I went to the post office today to mail a package. Weeks ago, I succumbed to a TV ad touting the benefits of a facial moisturizer/anti-aging solution guaranteed to rejuvenate and lift my skin. If for some reason I didn't like it, I could return the merchandise and pay only a small shipping fee. I figured why not. It wasn't the first time I've tried out merchandise this way and God knew my skin needed some rejuvenating. If it didn't work, I just had to be sure to cancel before the return deadline so my credit card wouldn't be charged the $79.95 + tax that the small jar of the magic goo costs. Fine. I could remember that. That's what post-it notes are for and magnets on my refrigerator.
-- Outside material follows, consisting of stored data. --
lemma cm_integral_ball_average:
  fixes \<mu> :: "'a::euclidean_space cmeasure" and f :: "'a \<Rightarrow> complex"
  assumes "Minf \<mu>" "r \<ge> 0" "f \<in> borel_measurable borel"
    and "\<And>\<xi>. norm (f \<xi>) \<le> A * poly_weight (DIM('a) + 2) \<xi>"
  shows "integrable lborel (\<lambda>t. cm_integral \<mu> (\<lambda>\<xi>. indicator (ball t r) \<xi> *\<^sub>R f \<xi>))"
    and "(\<integral>t. cm_integral \<mu> (\<lambda>\<xi>. indicator (ball t r) \<xi> *\<^sub>R f \<xi>) \<partial>lborel)
      = measure lborel (ball (0::'a) r) *\<^sub>R cm_integral \<mu> f"
proof -
  have average: "integrable lborel (\<lambda>t. \<integral>\<xi>. indicator (ball t r) \<xi> *\<^sub>R f \<xi> \<partial>M)"
    "(\<integral>t. (\<integral>\<xi>. indicator (ball t r) \<xi> *\<^sub>R f \<xi> \<partial>M) \<partial>lborel) = measure lborel (ball (0::'a) r) *\<^sub>R integral\<^sup>L M f"
    if "translation_bounded_pos M" for M
    using integral_ball_average[OF sigma_finite_translation_bounded_pos[OF that]
        sets_translation_bounded_pos[OF that] integrable_le_poly_weight_translation_bounded[OF that assms(3,4)]
        assms(2)] by auto
  have parts: "translation_bounded_pos (cm_rp \<mu>)" "translation_bounded_pos (cm_rn \<mu>)"
    "translation_bounded_pos (cm_ip \<mu>)" "translation_bounded_pos (cm_in \<mu>)"
    using assms(1) unfolding Minf_def by auto
  note averages = average[OF parts(1)] average[OF parts(2)] average[OF parts(3)] average[OF parts(4)]
  show "integrable lborel (\<lambda>t. cm_integral \<mu> (\<lambda>\<xi>. indicator (ball t r) \<xi> *\<^sub>R f \<xi>))"
    unfolding cm_integral_def using averages by auto
  show "(\<integral>t. cm_integral \<mu> (\<lambda>\<xi>. indicator (ball t r) \<xi> *\<^sub>R f \<xi>) \<partial>lborel)
      = measure lborel (ball (0::'a) r) *\<^sub>R cm_integral \<mu> f"
    unfolding cm_integral_def using averages by (simp add: scaleR_conv_of_real algebra_simps)
qed

subsection \<open>Comparison with the total variation\<close>

lemma sum_norm_le_total_variation:
  assumes "S \<in> sets borel" "finite P" "P \<subseteq> sets borel" "disjoint P" "\<Union>P \<subseteq> S"
  shows "ennreal (\<Sum>p\<in>P. norm (\<nu> p)) \<le> total_variation \<nu> S"
proof -
  define Q where "Q = insert (S - \<Union>P) P"
  have "(\<Sum>p\<in>P. norm (\<nu> p)) \<le> (\<Sum>p\<in>Q. norm (\<nu> p))"
    unfolding Q_def using assms(2) by (intro sum_mono2) auto
  moreover have "finite Q \<and> Q \<subseteq> sets borel \<and> disjoint Q \<and> \<Union>Q = S"
    unfolding Q_def using assms by (auto simp: disjoint_def)
  then have "ennreal (\<Sum>p\<in>Q. norm (\<nu> p)) \<le> total_variation \<nu> S"
    unfolding total_variation_def by (intro SUP_upper) simp
  ultimately show ?thesis
    by (meson ennreal_leI order_trans)
qed

lemma total_variation_le_K_norm: "total_variation \<nu> ((+) t ` K) \<le> K_norm K \<nu>"
  unfolding K_norm_def by (rule SUP_upper) simp

definition grid_round :: "real \<Rightarrow> complex \<Rightarrow> complex" where
  "grid_round \<epsilon> z = of_real \<epsilon> * (of_int \<lfloor>Re z / \<epsilon>\<rfloor> + \<i> * of_int \<lfloor>Im z / \<epsilon>\<rfloor>)"

lemma borel_measurable_grid_round [measurable]: "grid_round \<epsilon> \<in> borel_measurable borel"
  unfolding grid_round_def by measurable

lemma norm_diff_grid_round_le:
  assumes "\<epsilon> > 0"
  shows "norm (z - grid_round \<epsilon> z) \<le> 2 * \<epsilon>"
proof -
  have "norm (z - grid_round \<epsilon> z) \<le> \<bar>Re (z - grid_round \<epsilon> z)\<bar> + \<bar>Im (z - grid_round \<epsilon> z)\<bar>"
    by (rule cmod_le)
  also have "\<dots> \<le> 2 * \<epsilon>"
    using abs_diff_floor_le[OF assms, of "Re z"] abs_diff_floor_le[OF assms, of "Im z"]
    by (simp add: grid_round_def)
  finally show ?thesis .
qed

lemma finite_grid_round_image:
  assumes "\<epsilon> > 0"
  shows "finite (grid_round \<epsilon> ` cball 0 c)"
proof -
  define K where "K = \<lceil>c / \<epsilon>\<rceil>"
  have floor_bound: "\<lfloor>y / \<epsilon>\<rfloor> \<in> {-K..K}" if "\<bar>y\<bar> \<le> c" for y
  proof -
    have "\<bar>y / \<epsilon>\<bar> \<le> c / \<epsilon>"
      using that assms by (simp add: abs_divide divide_right_mono)
    then have "\<lfloor>y / \<epsilon>\<rfloor> \<le> \<lfloor>c / \<epsilon>\<rfloor>" "\<lfloor>- (c / \<epsilon>)\<rfloor> \<le> \<lfloor>y / \<epsilon>\<rfloor>"
      by (intro floor_mono; linarith)+
    then show ?thesis
      unfolding K_def using floor_le_ceiling[of "c / \<epsilon>"] by (simp add: ceiling_def)
  qed
  have "grid_round \<epsilon> ` cball 0 c
      \<subseteq> (\<lambda>(m, n). of_real \<epsilon> * (of_int m + \<i> * of_int n)) ` ({-K..K} \<times> {-K..K})"
  proof
    fix w assume "w \<in> grid_round \<epsilon> ` cball 0 c"
    then obtain z where "norm z \<le> c" "w = grid_round \<epsilon> z"
      by auto
    then show "w \<in> (\<lambda>(m, n). of_real \<epsilon> * (of_int m + \<i> * of_int n)) ` ({-K..K} \<times> {-K..K})"
      using floor_bound[of "Re z"] floor_bound[of "Im z"] abs_Re_le_cmod[of z] abs_Im_le_cmod[of z]
      unfolding grid_round_def by (intro image_eqI[of _ _ "(\<lfloor>Re z / \<epsilon>\<rfloor>, \<lfloor>Im z / \<epsilon>\<rfloor>)"]) auto
  qed
  then show ?thesis
    by (rule finite_subset) simp
qed

lemma cm_integral_finite_range:
  fixes \<mu> :: "'a::euclidean_space cmeasure"
  assumes "Minf \<mu>" "compact S" "B \<subseteq> S" "B \<in> sets borel" "g \<in> borel_measurable borel"
    and "finite (g ` B)"
  shows "cm_integral \<mu> (\<lambda>x. indicator B x *\<^sub>R g x) = (\<Sum>v\<in>g ` B. v * cm_val \<mu> (B \<inter> g -` {v}))"
proof -
  have level_sets: "B \<inter> g -` {v} \<in> sets borel" "B \<inter> g -` {v} \<subseteq> S" for v
    using measurable_sets[OF assms(5), of "{v}"] assms(3,4) by auto
  have "indicator B x *\<^sub>R g x = (\<Sum>v\<in>g ` B. indicator (B \<inter> g -` {v}) x *\<^sub>R v)" for x
  proof (cases "x \<in> B")
    case True
    have "(\<Sum>v\<in>g ` B. indicator (B \<inter> g -` {v}) x *\<^sub>R v) = (\<Sum>v\<in>g ` B. if v = g x then v else 0)"
      by (intro sum.cong) (auto simp: True indicator_def)
    also have "\<dots> = g x"
      using assms(6) True by (simp add: sum.delta)
    finally show ?thesis
      using True by simp
  qed simp
  then have "cm_integral \<mu> (\<lambda>x. indicator B x *\<^sub>R g x)
      = cm_integral \<mu> (\<lambda>x. \<Sum>v\<in>g ` B. indicator (B \<inter> g -` {v}) x *\<^sub>R v)"
    by simp
  also have "\<dots> = (\<Sum>v\<in>g ` B. cm_integral \<mu> (\<lambda>x. indicator (B \<inter> g -` {v}) x *\<^sub>R v))"
    using assms(1,2,6) level_sets
    by (intro cm_integral_sum cm_integrable_indicator[where e = "norm _"]) auto
  also have "\<dots> = (\<Sum>v\<in>g ` B. v * cm_val \<mu> (B \<inter> g -` {v}))"
    using assms(1,2) level_sets by (intro sum.cong refl cm_integral_indicator_const)
  finally show ?thesis .
qed

lemma norm_cm_integral_diff_finite_range_le:
  fixes \<mu>a \<mu>b :: "'a::euclidean_space cmeasure"
  defines "\<nu> \<equiv> \<lambda>A. cm_val \<mu>a A - cm_val \<mu>b A"
  assumes "Minf \<mu>a" "Minf \<mu>b" "compact S" "B \<subseteq> S" "B \<in> sets borel" "g \<in> borel_measurable borel"
    and "finite (g ` B)" "\<And>x. x \<in> B \<Longrightarrow> norm (g x) \<le> c" "c \<ge> 0" "total_variation \<nu> S < \<infinity>"
  shows "norm (cm_integral \<mu>a (\<lambda>x. indicator B x *\<^sub>R g x) - cm_integral \<mu>b (\<lambda>x. indicator B x *\<^sub>R g x))
    \<le> c * enn2real (total_variation \<nu> S)"
proof -
  define L where "L v = B \<inter> g -` {v}" for v
  have L: "L v \<in> sets borel" "L v \<subseteq> S" for v
    using measurable_sets[OF assms(7), of "{v}"] assms(5,6) by (auto simp: L_def)
  have "norm (cm_integral \<mu>a (\<lambda>x. indicator B x *\<^sub>R g x) - cm_integral \<mu>b (\<lambda>x. indicator B x *\<^sub>R g x))
      = norm (\<Sum>v\<in>g ` B. v * \<nu> (L v))"
    using assms(2-8) unfolding \<nu>_def L_def
    by (simp add: cm_integral_finite_range sum_subtractf right_diff_distrib)
  also have "\<dots> \<le> (\<Sum>v\<in>g ` B. c * norm (\<nu> (L v)))"
    using assms(9) by (intro sum_norm_le) (auto simp: norm_mult intro: mult_right_mono)
  also have "\<dots> = c * (\<Sum>p\<in>L ` g ` B. norm (\<nu> p))"
  proof -
    have "inj_on L (g ` B)"
      by (rule inj_onI) (auto simp: L_def set_eq_iff)
    then show ?thesis
      by (simp add: sum.reindex sum_distrib_left)
  qed
  also have "\<dots> \<le> c * enn2real (total_variation \<nu> S)"
  proof -
    have sum_le: "ennreal (\<Sum>p\<in>L ` g ` B. norm (\<nu> p)) \<le> total_variation \<nu> S"
      using assms(4,8) L by (intro sum_norm_le_total_variation)
        (auto simp: borel_compact disjoint_def L_def)
    show ?thesis
      using enn2real_mono[OF sum_le] assms(10,11) by (intro mult_left_mono) (simp_all add: sum_nonneg)
  qed
  finally show ?thesis .
qed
So each morning and night no matter how rushed or tired or sleepy I was, I took the time to cleanse my face properly, use the free toner that accompanied the moisturizer, and smooth the miracle solution all over my face. Hope springs eternal indeed. Yesterday, I finally accepted the miracle wasn't working for me. My face was peeling, there were ugly red bumps on my skin and my face felt sticky in the evening. If "rejuvenation" meant I would be getting acne again at my age, I didn't need it.
So back to the post office. Before that of course I had to call the company, tell them I had decided to return the cream, explain why, say no to their offer of another product to try, get the return number and instructions for returning the blessed jar. Fine and dandy. I wrap the package carefully in bubble wrap, make sure the RMA number is prominently displayed, pulled out my debit card and drove to the post office. I felt so in control. I get in line, wait interminably for the lady ahead of me who was laboriously handwriting addresses to about a million envelopes and chatting up the mailman when she was done, I hand over the package, pull out my debit card, and realized I had my Macy's card, instead of my bank card.
Did I feel dumb? Yes. Before that point, I felt so in control and organized. I was sure I had covered all the bases, crossed all the T's and dotted all the I's. It was that last act of pulling out the wrong card that slew me. I got careless because in my mind, I had the project all wrapped up. Teaches you that in this life, sometimes it's the little things that trip you up.